At one point, Trevor is chastised for glancing at his watch during a date - a professional faux pas - and this is the only indication we get of the passage of time during the film. The days drift by, emphasising the protagonists' lack of any real long-term plans or ambitions. Everything is centered on the day to day, and so we see petty disagreements get blown out of proportion. Still, there are no melodramatics here, just a quiet sense of things starting to unravel. The film relies heavily on its soundtrack for emotional impact, inviting us to pity these disconnected people, but it's unclear how much they really deserve this, having chosen their own course in life - a course about which they are notably coy, often hesitating as they begin to describe it and then referring to it simply as 'work'.
Contributing to the atmosphere of realism is the refreshingly bunt way in which characters are presented. Few of the escorts are under 30 and they are only average in appearance; their ability to seduce comes from a set of professional skills which they pride themselves on mastering, all about presentation, charm, and the ability to look as if they're genuinely having fun.

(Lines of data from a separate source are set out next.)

(* Let $m$ be a positive integer and let $D$ be a quaternary near-extremal Hermitian self-dual code of length $6m$. Let $A_{2m}$ denote the number of codewords of weight $2m$ in $D$. Then $A_{2m}\equiv 0 \pmod 9$.
   Context: Let $\mathbb{F}_4=\{0,1,\omega,\omega^2\}$ with $\omega^2=\omega+1$. A quaternary code of length $n$ is a linear subspace of $\mathbb{F}_4^n$; with $\langle x,y\rangle_H=\sum_{k} x_k y_k^2$, the Hermitian dual is $D^{\perp_H}=\{x : \langle x,y\rangle_H=0\ \forall y\in D\}$ and $D$ is Hermitian self-dual if $D=D^{\perp_H}$. The weight of a vector is the number of its nonzero coordinates. A quaternary Hermitian self-dual code of length $n$ is near-extremal if its minimum (nonzero) weight equals $2\lfloor n/6\rfloor$; for length $6m$ this is $2m$. *)

theory Defs
  imports Main
begin

text \<open>The field F_4 = {0, 1, w, w^2} with w^2 = w + 1 (characteristic 2).\<close>

datatype f4 = F0 | F1 | FW | FW2

fun f4_add :: "f4 \<Rightarrow> f4 \<Rightarrow> f4" where
  "f4_add F0 y = y"
| "f4_add x F0 = x"
| "f4_add F1 F1 = F0"
| "f4_add F1 FW = FW2"
| "f4_add F1 FW2 = FW"
| "f4_add FW F1 = FW2"
| "f4_add FW FW = F0"
| "f4_add FW FW2 = F1"
| "f4_add FW2 F1 = FW"
| "f4_add FW2 FW = F1"
| "f4_add FW2 FW2 = F0"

Despite the ambiguity of their relationships with their clients, they treat them with respect, and so does the film. These are, after all, wealthy women, and most of them have got that way because they're intelligent. The film draws its humour from the awkwardness of interaction between characters, never from ridicule. It's never entirely clear how aware the women are of the unspoken contract they have made, but when we see them having fun it's difficult to feel that they are altogether being exploited. Nevertheless, the overall landscape painted by the film is one of a desolate, vague London in which numerous lonely people entertain each other on a temporary basis without ever finding the emotional succour which, it is implied, they need.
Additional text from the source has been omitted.